Актуальность проблемы гепатита С определяется высокой эпидемиологической и социально-экономической значимостью этого заболевания, широким и повсеместным распространением, активным вовлечением в эпидемический процесс лиц репродуктивного, наиболее трудоспособного возраста, значительными расходами государства на лечение лиц, инфицированных ВГС. По данным ВОЗ, вирусом гепатита С инфицировано около 180 млн людей во всем мире, это около 3% населения, 130 млн являются хроническими носителями вируса, 3-4 млн заражаются ВГС ежегодно [(http://www.who.int)].

Устойчивый вирусный ответ (УВО) определяется как состояние, при котором РНК ВГС не детектируется в сыворотке крови в течение 24 недель после окончания терапии (Cheng et al., 2014). УВО является стандартным маркером успешной противовирусной терапии при проведении клинических испытаний. В начале 2000-х годов комбинация пегилированного интерферона и рибавирина (ПР) стала стандартом анти-ВГС терапии (Garg and Kar 2009; Pawlotsky 2013). Однако интерфероновая терапия связана со множеством побочных эффектов (гриппоподобные симптомы, усталость и т.д.). Уровень УВО при такой терапии составляет 70- 80% среди пациентов с ВГС-инфекцией, вызванной генотипами 2, 3 и 70% среди пациентов с другими генотипами ВГС (Ghany, Strader et al. 2009). Поэтому есть необходимость в разработке новых противовирусных препаратов. Каждый этап жизненного цикла вируса можно рассматривать как мишень для новых противовирусных препаратов. Современные достижения в понимании жизненного цикла ВГС привели к разработке высокоэффективных и хорошо переносимых противовирусных средств различных механизмов действия (Табл. 1).

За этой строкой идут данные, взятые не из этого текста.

lemma floor_parameter_bounds:
  fixes K t :: nat and r lg :: real
  assumes K: "1 \<le> K" and r: "(2 * real K + 4) * lg \<le> r" "real t \<le> r + 1" and lg: "1 \<le> lg"
  shows "24 * K * t \<le> nat \<lfloor>64 * real K ^ 3 * r\<rfloor>"
    "(2 * real K + 2) * lg < real (nat \<lfloor>64 * real K ^ 3 * r\<rfloor>)"
proof -
  define g where "g = nat \<lfloor>64 * real K ^ 3 * r\<rfloor>"
  have K_real: "1 \<le> real K"
    using K by simp
  have "6 \<le> 2 * real K + 4"
    using K_real by simp
  also have "\<dots> \<le> (2 * real K + 4) * lg"
    using lg K_real by (simp add: mult_le_cancel_left1)
  also have "\<dots> \<le> r"
    by (rule r(1))
  finally have "6 \<le> r" .
  have "1 \<le> real K * real K"
    using K_real mult_mono[of 1 "real K" 1 "real K"] by simp
  then have "real K * 1 \<le> real K * (real K * real K)"
    using K_real by (intro mult_left_mono) auto
  then have "64 * real K * r \<le> 64 * real K ^ 3 * r"
    using \<open>6 \<le> r\<close> by (intro mult_right_mono) (auto simp: power3_eq_cube)
  then have g: "64 * (real K * r) - 1 < real g"
    unfolding g_def by linarith
  have "real K * real t \<le> real K * (r + 1)"
    using r(2) by (rule mult_left_mono) simp
  moreover have "real K * 6 \<le> real K * r"
    using \<open>6 \<le> r\<close> by (rule mult_left_mono) simp
  ultimately have "24 * (real K * real t) < real g"
    using g K_real unfolding distrib_left by linarith
  then have "real (24 * K * t) < real g"
    by simp
  then show "24 * K * t \<le> g"
    by linarith
  have "1 * r \<le> real K * r"
    using K_real \<open>6 \<le> r\<close> by (intro mult_right_mono) auto
  moreover have "0 \<le> real K * lg"
    using lg by simp
  ultimately show "(2 * real K + 2) * lg < real g"
    using g r(1) lg unfolding distrib_right by linarith
qed

lemma four_powr_mult_two_power_floor_le:
  fixes x \<epsilon> :: real
  assumes "0 < x" "0 \<le> (1 - \<epsilon>) * log 2 x - 2"
  shows "4 * x powr \<epsilon> * 2 ^ nat \<lfloor>(1 - \<epsilon>) * log 2 x - 2\<rfloor> \<le> x"
proof -
  have "(2::real) ^ nat \<lfloor>(1 - \<epsilon>) * log 2 x - 2\<rfloor> = 2 powr real (nat \<lfloor>(1 - \<epsilon>) * log 2 x - 2\<rfloor>)"
    by (simp add: powr_realpow)
  also have "\<dots> \<le> 2 powr ((1 - \<epsilon>) * log 2 x - 2)"
    using assms(2) by (intro powr_mono) auto
  also have "\<dots> = 2 powr ((1 - \<epsilon>) * log 2 x) / 4"
    by (simp add: powr_diff)
  also have "2 powr ((1 - \<epsilon>) * log 2 x) = (2 powr log 2 x) powr (1 - \<epsilon>)"
    by (simp add: powr_powr mult.commute)
  also have "\<dots> = x / x powr \<epsilon>"
    using assms(1) by (simp add: powr_diff)
  finally show ?thesis
    using assms(1) by (simp add: field_simps)
qed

Интерференция РНК - это естественный механизм регуляции экспрессии генов в клетке с участием фермента Dicer и молекул малых интреферирующих РНК (миРНК). Интерференция РНК (РНКи) инициируется ферментом Dicer, который разрезает двухцепочечную (ДЦ) молекулу РНК на миРНК размером 21-26 пн, обеспечивающие специфическое постранскрипционное подавление экспрессии генов-мишеней посредством комплементарного связывания и деградации соответствующих мРНК или посредством ингибирования трансляции мРНК (Хаитов М.Р., 2012).

Едва ли не главной проблемой при использовании лекарственных средств, работающих на основе РНК, и является внутриклеточная доставка молекул миРНК в клетку. Большинство методов и средств доставки миРНК в клетку упоминаются в патентах (патент US 20110305772 А1, патент US 20110189180 А1, патент US 20120202871 А1). Данные патенты касаются частных аспектов широко распространенных в молекулярной биологии методов или новых способов их применения.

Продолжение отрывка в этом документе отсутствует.